I made some counts and filled them into an Excel spreadsheet. I defined the Similarity between folio i and j to be computed as follows:

1) List all unique words in Folio i = Ni
2) List all unique words in Folio j = Nj
3) List all unique words appearing in both Folio i and Folio j = Mij

Then compute Similarity = Mij / (Ni + Nj – Mij)

(If Folio i contains exactly the same words as Folio j then S = 1, and if it contains no words in common with Folio j then S = 0)

You can see a visual pattern of of the Similarity distribution here:

(I have a feeling I’ve seen something similar to this for the Voynich before … but can’t find it now – can someone help? – see References below!)

This contour plot is symmetric about a line running diagonally from the left hand bottom corner to the top right hand corner, corresponding to i=j (for which I set the values to 0 for easier viewing).
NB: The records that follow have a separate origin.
(* Let $K$ be a number field. Let $a_1,b_1\in\mathcal{O}_K$ with $b_1\notin\mathcal{O}_K^\times\cup\{0\}$ such that $a_1/b_1$ is a reduced fraction and $\mathfrak{g}_1:=\langle a_1,b_1\rangle$ is a non-principal inseverable ideal. Let $b_2\in\mathcal{O}_K\setminus\{0\}$ be such that $b_2$ is not an associate of $b_1$ (i.e. $b_2\mathcal{O}_K\neq b_1\mathcal{O}_K$). Then there exists $a_2\in\mathcal{O}_K$ such that $a_2/b_2=a_1/b_1$ and $a_2/b_2$ is a reduced fraction if and only if there is an inseverable ideal $\mathfrak{g}_2\neq\mathfrak{g}_1$ with \[\frac{\langle b_1\rangle}{\mathfrak{g}_1}=\frac{\langle b_2\rangle}{\mathfrak{g}_2}.\] In particular, in this case $[\mathfrak{g}_1]=[\mathfrak{g}_2]$ in the class group of $K$.
   Context: $\langle x_1,\dots,x_n\rangle$ denotes the $\mathcal{O}_K$-ideal generated by $x_1,\dots,x_n$; $[\mathfrak{a}]$ denotes the ideal class of $\mathfrak{a}$. A fraction $a/b$ ($b\ne0$) is reduced if no non-unit of $\mathcal{O}_K$ divides both $a$ and $b$. A nonzero ideal of $\mathcal{O}_K$ is inseverable if the only principal ideal containing it is $\mathcal{O}_K$. *)

theory Defs
  imports "HOL-Computational_Algebra.Polynomial" Complex_Main
begin

text \<open>Number fields are modelled as subfields of the complex numbers that are
finite-dimensional over the rationals; the ring of integers is the set of
algebraic integers in K.\<close>

definition is_subfield :: "complex set \<Rightarrow> bool" where
  "is_subfield K \<longleftrightarrow> 0 \<in> K \<and> 1 \<in> K \<and>
     (\<forall>x\<in>K. \<forall>y\<in>K. x + y \<in> K \<and> x * y \<in> K) \<and>
     (\<forall>x\<in>K. - x \<in> K \<and> inverse x \<in> K)"

definition number_field :: "complex set \<Rightarrow> bool" where
  "number_field K \<longleftrightarrow> is_subfield K \<and>
     (\<exists>B. finite B \<and> B \<subseteq> K \<and>
        K \<subseteq> {\<Sum>b\<in>B. c b * b | c. \<forall>b. c b \<in> \<rat>})"

definition OK :: "complex set \<Rightarrow> complex set" where
  "OK K = {x \<in> K. algebraic_int x}"

definition OK_unit :: "complex set \<Rightarrow> complex \<Rightarrow> bool" where
  "OK_unit K x \<longleftrightarrow> x \<in> OK K \<and> (\<exists>y\<in>OK K. x * y = 1)"

definition OK_dvd :: "complex set \<Rightarrow> complex \<Rightarrow> complex \<Rightarrow> bool" where
  "OK_dvd K d a \<longleftrightarrow> d \<in> OK K \<and> (\<exists>c\<in>OK K. a = d * c)"

definition reduced_frac :: "complex set \<Rightarrow> complex \<Rightarrow> complex \<Rightarrow> bool" where
  "reduced_frac K a b \<longleftrightarrow> b \<noteq> 0 \<and>
     (\<forall>d\<in>OK K. OK_dvd K d a \<and> OK_dvd K d b \<longrightarrow> OK_unit K d)"

definition is_ideal :: "complex set \<Rightarrow> complex set \<Rightarrow> bool" where
  "is_ideal K I \<longleftrightarrow> I \<subseteq> OK K \<and> 0 \<in> I \<and>
     (\<forall>x\<in>I. \<forall>y\<in>I. x + y \<in> I) \<and> (\<forall>r\<in>OK K. \<forall>x\<in>I. r * x \<in> I)"

definition gen_ideal :: "complex set \<Rightarrow> complex set \<Rightarrow> complex set" where
  "gen_ideal K S = \<Inter> {I. is_ideal K I \<and> S \<subseteq> I}"

definition principal_ideal :: "complex set \<Rightarrow> complex set \<Rightarrow> bool" where
  "principal_ideal K I \<longleftrightarrow> (\<exists>x\<in>OK K. I = gen_ideal K {x})"

definition inseverable :: "complex set \<Rightarrow> complex set \<Rightarrow> bool" where
  "inseverable K I \<longleftrightarrow> is_ideal K I \<and> I \<noteq> {0} \<and>
     (\<forall>J. is_ideal K J \<and> principal_ideal K J \<and> I \<subseteq> J \<longrightarrow> J = OK K)"

text \<open>The fractional ideal <b>/I = b * I^{-1}, with I^{-1} = {x in K. x I \<subseteq> O_K}.\<close>
definition frac_div :: "complex set \<Rightarrow> complex \<Rightarrow> complex set \<Rightarrow> complex set" where
  "frac_div K b I = (\<lambda>x. b * x) ` {x \<in> K. \<forall>y\<in>I. x * y \<in> OK K}"

definition same_class :: "complex set \<Rightarrow> complex set \<Rightarrow> complex set \<Rightarrow> bool" where
  "same_class K I J \<longleftrightarrow> (\<exists>\<alpha>\<in>OK K. \<exists>\<beta>\<in>OK K. \<alpha> \<noteq> 0 \<and> \<beta> \<noteq> 0 \<and>
     (\<lambda>x. \<alpha> * x) ` I = (\<lambda>x. \<beta> * x) ` J)"

end

theory Submission
  imports Defs "Jordan_Normal_Form.Schur_Decomposition"
begin

(*
  Write <b>/g = b g^-1 with g^-1 = {x in K. x g \<subseteq> O_K}, and let c = b2/b1.
  If a2/b2 = a1/b1, then <a2,b2> = c g1, so b2 <a2,b2>^-1 = b1 g1^-1; and <a2,b2> \<noteq> g1,
  since c g1 = g1 would make c and 1/c algebraic integers (determinant trick) and <b2> = <b1>.
  Conversely, nonzero ideals of O_K are invertible, so g \<mapsto> g^-1 is injective and
  b1 g1^-1 = b2 g2^-1 forces g2 = c g1 = <c a1, b2>; thus c a1 \<in> O_K, b1 g2 = b2 g1, and
  c a1 / b2 is reduced because g2 is inseverable.
  Invertibility is proved classically: the trace form makes O_K a full lattice, so O_K/<a> is
  finite for a \<noteq> 0; hence nonzero primes are maximal, every nonzero ideal contains a product
  of maximal ideals, and a shortest such product inside <a>, for a in a proper ideal L, yields
  z \<in> K - O_K with z L \<subseteq> O_K.
*)

section \<open>Algebraic integers\<close>

definition zspan :: "complex set \<Rightarrow> complex set" where
  "zspan S = {\<Sum>t\<in>S. of_int (c t) * t | c. True}"

lemma zspanI: "x = (\<Sum>t\<in>S. of_int (c t) * t) \<Longrightarrow> x \<in> zspan S"
  unfolding zspan_def by auto

lemma zspan_add:
  assumes "a \<in> zspan S" "b \<in> zspan S" shows "a + b \<in> zspan S"
proof -
  obtain c c' where "a = (\<Sum>t\<in>S. of_int (c t) * t)" "b = (\<Sum>t\<in>S. of_int (c' t) * t)"
    using assms unfolding zspan_def by blast
  thus ?thesis by (intro zspanI[where c = "\<lambda>t. c t + c' t"]) (simp add: sum.distrib distrib_right)
qed

lemma zspan_of_int_mult:
  assumes "a \<in> zspan S" shows "of_int k * a \<in> zspan S"
proof -
  obtain c where "a = (\<Sum>t\<in>S. of_int (c t) * t)" using assms unfolding zspan_def by blast
  thus ?thesis by (intro zspanI[where c = "\<lambda>t. k * c t"]) (simp add: sum_distrib_left mult.assoc)
qed

lemma zspan_sum: "(\<And>i. i \<in> I \<Longrightarrow> f i \<in> zspan S) \<Longrightarrow> sum f I \<in> zspan S"
  by (induction I rule: infinite_finite_induct)
    (auto intro: zspan_add zspanI[where c = "\<lambda>_. 0"])

lemma zspan_superset: assumes "finite S" "s \<in> S" shows "s \<in> zspan S"
proof (rule zspanI[where c = "\<lambda>t. if t = s then 1 else 0"])
  have "(\<Sum>t\<in>S. of_int (if t = s then 1 else 0) * t) = (\<Sum>t\<in>S. if t = s then s else 0)"
    by (rule sum.cong) auto
  thus "s = (\<Sum>t\<in>S. of_int (if t = s then 1 else 0) * t)" using assms by simp
qed

text \<open>The determinant trick: z is an eigenvalue of the integer matrix of multiplication by z
  on the generators.\<close>
lemma algebraic_int_if_zspan_stable:
  assumes fin: "finite S" and nz: "s0 \<in> S" "s0 \<noteq> 0"
    and stable: "\<And>s. s \<in> S \<Longrightarrow> z * s \<in> zspan S"
  shows "algebraic_int z"
proof -
  obtain ss where ss: "set ss = S" "distinct ss" using finite_distinct_list[OF fin] by blast
  define n where "n = length ss"
  have "\<forall>s\<in>S. \<exists>c. z * s = (\<Sum>t\<in>S. of_int (c t) * t)" using stable unfolding zspan_def by blast
  then obtain C where C: "\<And>s. s \<in> S \<Longrightarrow> z * s = (\<Sum>t\<in>S. of_int (C s t) * t)" by metis
  define A :: "int mat" where "A = mat n n (\<lambda>(i,j). C (ss!i) (ss!j))"
  define v :: "complex vec" where "v = vec n (\<lambda>i. ss!i)"
  have A: "A \<in> carrier_mat n n" unfolding A_def by auto
  have sum_S: "(\<Sum>t\<in>S. f t) = (\<Sum>j<n. f (ss!j))" for f :: "complex \<Rightarrow> complex"
    using sum.reindex_bij_betw[OF bij_betw_nth[OF ss(2) _ ss(1)[symmetric]], of "{..<n}" f] by (simp add: n_def)
  have "of_int_hom.mat_hom A *\<^sub>v v = z \<cdot>\<^sub>v v"
  proof (rule eq_vecI)
    fix i assume "i < dim_vec (z \<cdot>\<^sub>v v)"
    hence i: "i < n" by (simp add: v_def)
    have "(of_int_hom.mat_hom A *\<^sub>v v) $ i = (\<Sum>j<n. of_int (C (ss!i) (ss!j)) * ss!j)"
      using i by (simp add: A_def v_def mult_mat_vec_def scalar_prod_def atLeast0LessThan)
    also have "\<dots> = z * ss!i"
    proof -
      have "ss!i \<in> S" using i ss unfolding n_def by auto
      thus ?thesis using C sum_S by simp
    qed
    finally show "(of_int_hom.mat_hom A *\<^sub>v v) $ i = (z \<cdot>\<^sub>v v) $ i" using i by (simp add: v_def)
  qed (simp add: v_def A_def)
  moreover have "v \<noteq> 0\<^sub>v n"
  proof
    assume "v = 0\<^sub>v n"
    obtain j where "j < n" "ss!j = s0" using nz ss unfolding n_def by (metis in_set_conv_nth)
    with \<open>v = 0\<^sub>v n\<close> nz show False unfolding v_def by (metis index_vec index_zero_vec(1))
  qed
  moreover have Ac: "of_int_hom.mat_hom A \<in> carrier_mat n n" using A by auto
  ultimately have "eigenvector (of_int_hom.mat_hom A) v z"
    unfolding eigenvector_def by (auto simp: v_def)
  hence "eigenvalue (of_int_hom.mat_hom A) z" unfolding eigenvalue_def by blast
  hence "poly (char_poly (of_int_hom.mat_hom A)) z = 0" using eigenvalue_root_char_poly[OF Ac] by blast
  hence "poly (map_poly of_int (char_poly A)) z = 0" using of_int_hom.char_poly_hom[OF A] by metis
  moreover have "lead_coeff (char_poly A) = 1" using degree_monic_char_poly[OF A] by simp
  ultimately show ?thesis unfolding algebraic_int_altdef_ipoly by blast
qed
The rectangular red region around folios 140 to 165 corresponds to strong similarity in the VMs folios f75r to f84v – the Biological Folios. These pages all typically share up to 50% of the same words.

What I found surprising is the generally low level of shared vocabulary between the folios: typically only a few of the words used on one folio are used on the next – but see below.

The spreadsheet answers questions like “Which folio is most similar to folio f1v?” … the answer being f24r by this metric.

Clustering

Using the Similarity number as a connection strength between each pair of folios, we can generate a cluster map that arranges the folios so that similar folios appear together. I used the freely available software called LinLogLayout to do this. Here are the results:

The algorithm has split the folios into two clusters, shown as red and blue circles. Interestingly, the red circles generally match Currier Hand 1 and the blue match Currier Hand 2. For some folios near the interface, e.g. f68r1, the Currier Hand is “unknown” (according to http://voynich.freie-literatur.de/index.php?show=page&id=f68r1) … indicating uncertainty in the attribution, consistent with the folio’s position on the cluster map.

For folio f103v, at the far right edge of the blue cluster, the Currier Hand is “X”.

Comparison with a Latin Text

Here I took the Latin Herb Garden and split it into 20 folios corresponding to each of the herbs described. Then I ran the same code against it to generate the similarities between each folio, and made an Excel spreadsheet.. The corresponding contour plot is shown below, with the same colour scale as the one for the Voynich above.

As you can see, the typical value of “Similarity” between folios is around 0.02 or so … much *lower* than for the Voynich. The conclusion is that the Voynich folios are much more alike than this Latin text, and the Biological Folios in particular are quite unusually similar.

References

This is very similar work to that done by Rene in 1997: http://www.voynich.nu/extra/lang.html although his word counting rules are different (I only count unique words).

Comment by Nick Pelling

Nick sent me the following email and included an annotated version of the LinLogLayout shown above.

Having played with it a bit (as per the attached jpeg), it appears that while some pages’ recto and verso sides are very similar, others are wildly different. For example, just in the recipe section:-
103    good
104    very bad
105    very good
106    bad
107    excellent
108    excellent
109    (missing)
110    (missing)
111    excellent
112    good
113    excellent
114    excellent
115    very bad
116    n/a

Looking at pages within recipe bifolios, however, yields different results again: for example, even though both f104 and f115 are both “bad” above (and are on the same bifolio), f104v is extremely similar to f115r, while f104r is extremely similar to f115v (which is a bit odd). Furthermore, the closeness between f111v and f108r suggests that these originally formed the central bifolio (but reversed), i.e. that the correct page order across the centre was f111r, f111v, f108r, f108v. However, f105 / f114 seem quite unconnected, as do f106 / f113 and f107 / f112.

At this point, however, we may be mining too deeply, and that the presence of so many datapoints in a single overall set may be getting in the way. I suspect that pre-partitioning the dataset (i.e. working on each thematic section in isolation) may yield more informative results.